The pattern matching problem is about finding a search pattern (possibly with wildcard characters) within a larger text, and has applications ranging from music retrieval to genetics. The X+Y problem is a basic algorithmic puzzle: given two sets of integers X and Y, find all sums (x+y) between the elements of the two sets. Finally, sparse polynomial multiplication is the problem of determining the product of two multivariate polynomials, where only the nonzero terms of the input and output are explicitly stored.

On the surface, these problems are entirely unrelated. But they all share an important similarity from a computational point of view: in the worst case, they require quadratic running time, but in many cases the size of the output is significantly less than the worst-case bound suggests. This happens because of overlapping matches in pattern matching, repeated sums in X+Y, or colliding terms in polynomial multiplication. So it is reasonable to seek output-sensitive algorithms, whose running time decreases when the output size is small.

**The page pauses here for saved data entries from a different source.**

(* Let $r,n\ge 1$ be integers and let $\Gamma=W(\mathcal K_r)\cong(\mathbb Z/2\mathbb Z)^r$, where $\mathcal K_r$ is the complete graph on $r$ vertices. Then \[ h_n(\Gamma)\le 4^{rn}\cdot n^r\cdot n^{(1-2^{-r})n}. \]
   Context: $W(\mathcal G)$ denotes the right-angled Coxeter group of a graph $\mathcal G$: generators $\sigma_v$ for the vertices, relations $\sigma_v^2=1$, and $\sigma_v\sigma_w=\sigma_w\sigma_v$ for adjacent $v,w$. For a group $\Gamma$, $h_n(\Gamma)=|\mathrm{Hom}(\Gamma,\mathrm{Sym}_n)|$ is the number of homomorphisms from $\Gamma$ to the symmetric group on $\{1,\dots,n\}$. *)

theory Defs
  imports "HOL-Combinatorics.Permutations" Complex_Main
begin

text \<open>Right-angled Coxeter group W(G) of a graph G on vertex set {0..<r} with symmetric
  irreflexive adjacency E. By the universal property of the presentation, homomorphisms
  W(G) -> Sym_n correspond bijectively to assignments of the generators sigma_v (v < r) to
  permutations of {1..n} satisfying the defining relations. We count those assignments
  (functions are fixed to id outside {0..<r} so that the set is finite and the
  correspondence is bijective).\<close>

definition racg_hom_count :: "nat \<Rightarrow> (nat \<Rightarrow> nat \<Rightarrow> bool) \<Rightarrow> nat \<Rightarrow> nat" where
  "racg_hom_count r E n = card {s :: nat \<Rightarrow> nat \<Rightarrow> nat.
      (\<forall>v<r. s v permutes {1..n}) \<and>
      (\<forall>v<r. s v \<circ> s v = id) \<and>
      (\<forall>v<r. \<forall>w<r. E v w \<longrightarrow> s v \<circ> s w = s w \<circ> s v) \<and>
      (\<forall>v\<ge>r. s v = id)}"

definition complete_graph_adj :: "nat \<Rightarrow> nat \<Rightarrow> bool" where
  "complete_graph_adj v w \<longleftrightarrow> v \<noteq> w"

end

theory Submission
  imports Defs
begin

text \<open>
  Homomorphisms are tuples (s_0, ..., s_(r-1)) of pairwise commuting involutions of S = {1..n}.
  Weight such a j-tuple by n^k, where k is the number of orbits of the group it generates. An
  involution t that can be appended to the tuple commutes with its entries, so it permutes their
  orbits and is determined by its values at the orbit minima. The minimum b of an orbit can only
  remain a minimum if t does not send its orbit to one with a smaller minimum; counting the
  possible values of t at b accordingly, each orbit O contributes a factor n (2 + |O|) \<le> n 4^|O|,
  so appending t multiplies the total weight by at most 4^n. Hence the r-tuples have total weight
  at most 4^(rn) n^n, while each of them has weight at least n^(n / 2^r), because an orbit of r
  commuting involutions has at most 2^r points.
\<close>

definition commuting_involutions :: "'a set \<Rightarrow> nat \<Rightarrow> (nat \<Rightarrow> 'a \<Rightarrow> 'a) \<Rightarrow> bool" where
  "commuting_involutions S j s \<longleftrightarrow>
     (\<forall>v<j. s v permutes S) \<and> (\<forall>v<j. s v \<circ> s v = id) \<and>
     (\<forall>v<j. \<forall>w<j. s v \<circ> s w = s w \<circ> s v)"

lemma commuting_involutionsD:
  assumes "commuting_involutions S j s" and "v < j"
  shows "s v permutes S" and "s v (s v x) = x" and "w < j \<Longrightarrow> s v (s w x) = s w (s v x)"
  using assms unfolding commuting_involutions_def
  by (blast, blast intro: pointfree_idE, blast intro: comp_eq_dest)

lemma commuting_involutions_SucD: "commuting_involutions S (Suc j) s \<Longrightarrow> commuting_involutions S j s"
  unfolding commuting_involutions_def by simp

inductive_set group_orbit :: "(nat \<Rightarrow> 'a \<Rightarrow> 'a) \<Rightarrow> nat \<Rightarrow> 'a \<Rightarrow> 'a set"
  for s j x where
  refl [intro]: "x \<in> group_orbit s j x"
| step: "y \<in> group_orbit s j x \<Longrightarrow> v < j \<Longrightarrow> s v y \<in> group_orbit s j x"

lemma group_orbit_0 [simp]: "group_orbit s 0 x = {x}"
proof -
  have "y = x" if "y \<in> group_orbit s 0 x" for y
    using that by induction auto
  then show ?thesis by blast
qed

lemma group_orbit_trans: "z \<in> group_orbit s j y \<Longrightarrow> y \<in> group_orbit s j x \<Longrightarrow> z \<in> group_orbit s j x"
  by (induction rule: group_orbit.induct) (simp_all add: group_orbit.step)

lemma group_orbit_mono: "j \<le> k \<Longrightarrow> group_orbit s j x \<subseteq> group_orbit s k x"
proof
  fix y assume "y \<in> group_orbit s j x" and "j \<le> k"
  then show "y \<in> group_orbit s k x"
    by (induction rule: group_orbit.induct) (simp_all add: group_orbit.refl group_orbit.step)
qed

lemma group_orbit_fun_upd [simp]: "group_orbit (s(j := t)) j = group_orbit s j"
proof -
  have transfer: "y \<in> group_orbit s' j x" if "y \<in> group_orbit s j x" "\<forall>v<j. s v = s' v"
    for s s' :: "nat \<Rightarrow> 'a \<Rightarrow> 'a" and x y
    using that by induction (simp_all add: group_orbit.refl group_orbit.step)
  show ?thesis by (intro ext set_eqI iffI) (erule transfer, simp)+
qed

As it turns out, the core to solving all three problems comes from recent advances in sparse polynomial interpolation, that is, discovering a formula for an unknown polynomial after sampling it at a small number of chosen points. We will outline the connection between each of these important problems and sparse interpolation, and present a randomized algorithm to compute the answer to all three in “nearly linear” expected running time.

This is joint work with Andrew Arnold at the University of Waterloo.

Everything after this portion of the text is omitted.